Wednesday, June 25, 2008

Prager

... a better place

This is a snippet from Dennis Prager's essay, "When I Was a Boy, America Was a Better Place" It's natural to think the old days were better, but this is more than that.
 Meanwhile, all employers in California are now prohibited by law from firing a man who has decided to cross-dress at work. And needless to say, no fellow worker can say to that man, "Hey, Jack, why not wear the dress at home and men's clothes to work?" An employer interviewing a prospective employee is not free to ask the most natural human questions: Are you married? Do you have a child? How old are you? Soon "How are you?" will be banned lest one discriminate on the basis of health.

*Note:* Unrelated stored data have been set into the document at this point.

lemma remove_copies_from_walk:
  fixes a :: "nat \<Rightarrow> real"
  assumes "m \<le> count_list ds t"
  shows "\<exists>ds'. length ds = m + length ds' \<and> set ds' \<subseteq> set ds \<and>
    prod_list (map a ds) = a t ^ m * prod_list (map a ds') \<and> sum_list ds = m * t + sum_list ds'"
  using assms
proof (induction ds arbitrary: m)
  case Nil then show ?case by simp
next
  case (Cons d ds)
  show ?case
  proof (cases "d = t \<and> 0 < m")
    case True
    then obtain m' where m: "m = Suc m'" "d = t" by (cases m) auto
    then have "m' \<le> count_list ds t" using Cons.prems by simp
    then obtain ds' where "length ds = m' + length ds'" "set ds' \<subseteq> set ds"
      "prod_list (map a ds) = a t ^ m' * prod_list (map a ds')" "sum_list ds = m' * t + sum_list ds'"
      using Cons.IH by blast
    then show ?thesis using m by (intro exI[of _ ds']) auto
  next
    case False
    then obtain ds' where "length ds = m + length ds'" "set ds' \<subseteq> set ds"
      "prod_list (map a ds) = a t ^ m * prod_list (map a ds')" "sum_list ds = m * t + sum_list ds'"
      using Cons.IH[of m] Cons.prems by (cases "d = t") auto
    then show ?thesis by (intro exI[of _ "d # ds'"]) (auto simp: algebra_simps)
  qed
qed

definition max_coeff :: "nat \<Rightarrow> (nat \<Rightarrow> real) \<Rightarrow> real" where
  "max_coeff n a = Max {a t | t. t < n}"

definition circ_orbit :: "nat \<Rightarrow> (nat \<Rightarrow> real) \<Rightarrow> vec \<Rightarrow> nat \<Rightarrow> vec" where
  "circ_orbit n a x k = mvec n (mpow n (Circ n a) k) x"

lemma max_coeff_ge: "t < n \<Longrightarrow> a t \<le> max_coeff n a"
  unfolding max_coeff_def by (rule Max_lessThan_ge)

lemma max_coeff_attained: "0 < n \<Longrightarrow> \<exists>t<n. a t = max_coeff n a"
  unfolding max_coeff_def using Max_lessThan_attained[of n a] by metis

lemma max_coeff_nonneg: "0 < n \<Longrightarrow> \<forall>t<n. 0 \<le> a t \<Longrightarrow> 0 \<le> max_coeff n a"
  using max_coeff_ge[of 0 n a] by force

lemma walk_weight_nonneg:
  "\<forall>t<n. 0 \<le> (a t :: real) \<Longrightarrow> set ds \<subseteq> {..<n} \<Longrightarrow> 0 \<le> prod_list (map a ds)"
  by (induction ds) auto

lemma walk_weight_le_power:
  "\<forall>t<n. 0 \<le> (a t :: real) \<Longrightarrow> set ds \<subseteq> {..<n} \<Longrightarrow>
   prod_list (map a ds) \<le> max_coeff n a ^ length ds"
proof (induction ds)
  case Nil then show ?case by simp
next
  case (Cons d ds)
  then have "a d \<le> max_coeff n a" "0 \<le> a d" "0 \<le> prod_list (map a ds)"
    using max_coeff_ge walk_weight_nonneg by auto
  then show ?case using Cons by (simp add: mult_mono')
qed

lemma walk_weight_scale:
  "\<forall>t<n. 0 \<le> (a t :: real) \<Longrightarrow> \<forall>t<n. a t \<le> c * b t \<Longrightarrow> set ds \<subseteq> {..<n} \<Longrightarrow>
   prod_list (map a ds) \<le> c ^ length ds * prod_list (map b ds)"
proof (induction ds)
  case Nil then show ?case by simp
next
  case (Cons d ds)
  then have "a d \<le> c * b d" "0 \<le> a d" "0 \<le> prod_list (map a ds)"
    using walk_weight_nonneg by auto
  then have "a d * prod_list (map a ds) \<le> (c * b d) * (c ^ length ds * prod_list (map b ds))"
    using Cons by (intro mult_mono) (auto intro: order_trans)
  then show ?case by (simp add: algebra_simps)
qed

context
  fixes n :: nat and a :: "nat \<Rightarrow> real" and x :: vec
  assumes n: "0 < n" and a: "\<forall>t<n. 0 \<le> a t" and x: "\<forall>i<n. 0 \<le> x i"
begin

lemma circ_orbit_nonneg: "0 \<le> circ_orbit n a x k e"
proof -
  have "0 \<le> mpow n (Circ n a) k e 0 * x 0"
    using mpow_nonneg[OF n Circ_nonneg[OF a n]] x n by simp
  also have "\<dots> \<le> circ_orbit n a x k e" unfolding circ_orbit_def mvec_def
    using Max_lessThan_ge[OF n, of "\<lambda>j. mpow n (Circ n a) k e j * x j"] by simp
  finally show ?thesis .
qed

lemma walk_weight_le_circ_orbit:
  "length ds = k \<Longrightarrow> set ds \<subseteq> {..<n} \<Longrightarrow> e < n \<Longrightarrow>
   prod_list (map a ds) * x ((e + sum_list ds) mod n) \<le> circ_orbit n a x k e"
proof -
  assume h: "length ds = k" "set ds \<subseteq> {..<n}" "e < n"
  define j where "j = (e + sum_list ds) mod n"
  have j: "j < n" using n j_def by simp
  have "prod_list (map a ds) * x j \<le> mpow n (Circ n a) k e j * x j"
    using walk_weight_le_mpow_Circ[OF n a h] x j j_def by (simp add: mult_right_mono)
  also have "\<dots> \<le> circ_orbit n a x k e" unfolding circ_orbit_def mvec_def
    using Max_lessThan_ge[OF j, of "\<lambda>j. mpow n (Circ n a) k e j * x j"] by simp
  finally show ?thesis unfolding j_def .
qed

lemma circ_orbit_attained_by_walk:
  assumes e: "e < n"
  obtains ds where "length ds = k" "set ds \<subseteq> {..<n}"
    "circ_orbit n a x k e = prod_list (map a ds) * x ((e + sum_list ds) mod n)"
proof -
  obtain j where j: "j < n" and vj: "circ_orbit n a x k e = mpow n (Circ n a) k e j * x j"
    using Max_lessThan_attained[OF n, of "\<lambda>j. mpow n (Circ n a) k e j * x j"]
    unfolding circ_orbit_def mvec_def by auto
  from mpow_Circ_attained_by_walk[OF n e j, of a k] show ?thesis
  proof
    assume "mpow n (Circ n a) k e j = 0"
    then have zero: "circ_orbit n a x k e = 0" using vj by simp
    define ds where "ds = replicate k (0::nat)"
    have ds: "length ds = k" "set ds \<subseteq> {..<n}" using n by (auto simp: ds_def)
    have "0 \<le> prod_list (map a ds) * x ((e + sum_list ds) mod n)"
      using walk_weight_nonneg[OF a ds(2)] x n by simp
    then have "circ_orbit n a x k e = prod_list (map a ds) * x ((e + sum_list ds) mod n)"
      using walk_weight_le_circ_orbit[OF ds e] zero by simp
    then show ?thesis using that ds by blast
  qed (use vj that in auto)
qed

When I was boy, what people did at home was not their employer's business. Today, companies and city governments refuse to hire, and may fire, workers no matter how competent or healthy, who smoke in their homes. Sarasota, Fla., the latest city to invade people's private lives, would not hire Winston Churchill, Franklin Roosevelt or John F. Kennedy if they applied for a job.

When I was a 7-year-old boy, I flew alone from New York to my aunt and uncle in Miami and did the same thing coming back to New York. I boarded the plane on my own and got off the plane on my own. No papers for my parents to fill out. No extra fee to pay the airline. I was responsible for myself. Had I run away or been kidnapped, no one would have sued the airline. Today, fear of lawsuits is a dominant fact of American life.

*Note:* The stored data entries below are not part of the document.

(* $A_4(1,0,0,0,0)$ has a unique rational solution of Type A, namely $(f_0,f_1,f_2,f_3,f_4)=(t,0,0,0,0)$.
   Context: The $A_4^{(1)}$ Painlevé equation $A_4(\alpha_0,\dots,\alpha_4)$ is the system for five functions $f_0,\dots,f_4$ of $t$ (indices in $\mathbb{Z}/5\mathbb{Z}$, ${}'=d/dt$): $f_j'=f_j(f_{j+1}-f_{j+2}+f_{j+3}-f_{j+4})+\alpha_j$ ($j=0,\dots,4$), $f_0+\dots+f_4=t$. A rational solution is a tuple of rational functions satisfying it. A rational solution is of Type A if either (A(1)) for some $i$, $f_i$ has a pole at $t=\infty$ and the other $f_j$ are regular there, or (A(2)) for some $i$, $f_i,f_{i+1},f_{i+3}$ have a pole at $t=\infty$ and $f_{i+2},f_{i+4}$ are regular there. *)

theory Defs
  imports "HOL-Computational_Algebra.Polynomial" "HOL-Computational_Algebra.Fraction_Field"
begin

type_synonym rfun = "complex poly fract"

definition rvar :: rfun where "rvar = Fract [:0, 1:] 1"

definition rconst :: "complex \<Rightarrow> rfun" where "rconst c = Fract [:c:] 1"

text \<open>Derivative of a rational function via the quotient rule (independent of the representative).\<close>
definition rderiv :: "rfun \<Rightarrow> rfun" where
  "rderiv f = (SOME g. \<exists>p q. q \<noteq> 0 \<and> f = Fract p q \<and>
      g = Fract (pderiv p * q - p * pderiv q) (q * q))"

definition pole_at_inf :: "rfun \<Rightarrow> bool" where
  "pole_at_inf f \<longleftrightarrow> (\<exists>p q. q \<noteq> 0 \<and> f = Fract p q \<and> degree q < degree p)"

text \<open>Indices are taken modulo 5; only f 0, ..., f 4 matter.\<close>
definition A4_solution :: "(nat \<Rightarrow> complex) \<Rightarrow> (nat \<Rightarrow> rfun) \<Rightarrow> bool" where
  "A4_solution \<alpha> f \<longleftrightarrow>
     (\<forall>j<5. rderiv (f j) =
        f j * (f ((j+1) mod 5) - f ((j+2) mod 5) + f ((j+3) mod 5) - f ((j+4) mod 5))
        + rconst (\<alpha> j)) \<and>
     f 0 + f 1 + f 2 + f 3 + f 4 = rvar"

definition typeA :: "(nat \<Rightarrow> rfun) \<Rightarrow> bool" where
  "typeA f \<longleftrightarrow>
     (\<exists>i<5. pole_at_inf (f i) \<and> (\<forall>j<5. j \<noteq> i \<longrightarrow> \<not> pole_at_inf (f j))) \<or>
     (\<exists>i<5. pole_at_inf (f i) \<and> pole_at_inf (f ((i+1) mod 5)) \<and> pole_at_inf (f ((i+3) mod 5))
        \<and> \<not> pole_at_inf (f ((i+2) mod 5)) \<and> \<not> pole_at_inf (f ((i+4) mod 5)))"

end

theory Submission
  imports
    Defs
    "HOL-Computational_Algebra.Polynomial_Factorial"
    "HOL-Computational_Algebra.Field_as_Ring"
begin

text \<open>
  A nonzero rational function has a logarithmic derivative regular at infinity. Hence whenever
  the bracket in \<open>f\<^sub>j' = f\<^sub>j (\<dots>)\<close> has a pole at infinity, \<open>f\<^sub>j = 0\<close>. In each Type A pattern
  this kills enough components (for A(2) after first noting that the brackets of the irregular
  components are regular, which forces certain pairs of poles to cancel) that some irregular
  \<open>f\<^sub>i\<close> ends up satisfying a Riccati equation \<open>f\<^sub>i' = \<plusminus>f\<^sub>i (t - f\<^sub>i)\<close>. Writing \<open>f\<^sub>i = p/q\<close> in lowest
  terms, the equation gives \<open>p dvd p'\<close>, so \<open>p\<close> is constant and \<open>f\<^sub>i\<close> is regular after all.
  The only escape is a single pole at \<open>f\<^sub>0\<close>, where all other components vanish and \<open>f\<^sub>0 = t\<close>.
\<close>

lemma quotient_rule_respects_fractrel:
  fixes p q p' q' :: "'a :: idom poly"
  assumes "p * q' = p' * q"
  shows "(pderiv p * q - p * pderiv q) * (q' * q') = (pderiv p' * q' - p' * pderiv q') * (q * q)"
proof -
  have "pderiv (p * q') = pderiv (p' * q)" using assms by simp
  then have "p * pderiv q' + q' * pderiv p = p' * pderiv q + q * pderiv p'"
    by (simp add: pderiv_mult)
  with assms show ?thesis by algebra
qed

When I was a boy, I ran after girls during recess, played dodgeball, climbed monkey bars and sat on seesaws. Today, more and more schools have no recess; have canceled dodgeball lest someone feel bad about being removed from the game; and call the police in to interrogate, even sometimes arrest, elementary school boys who playfully touch a girl. And monkey bars and seesaws are largely gone, for fear of lawsuits should a child be injured.

3 comments:

Anonymous said...

Singer Bucky Covington took a lot of heat for conveying the same thing:

http://tinyurl.com/6qmfk3

Pat R.

Anonymous said...

I'm pushing 60. I may be off a bit, but I see the turning point being when "Unsafe at Any Speed" came out.

We went from being a nation of hard-working, press-on-regardless, dynamic, can-do people to a nation of sniveling, pants-wetting handwringers.

It's sick-making.

titan saturnae said...

"Progressive" (f/k/a liberal) logic at its finest - you can't be stopped from cross-dressing at work, but you can be fired for smoking at home.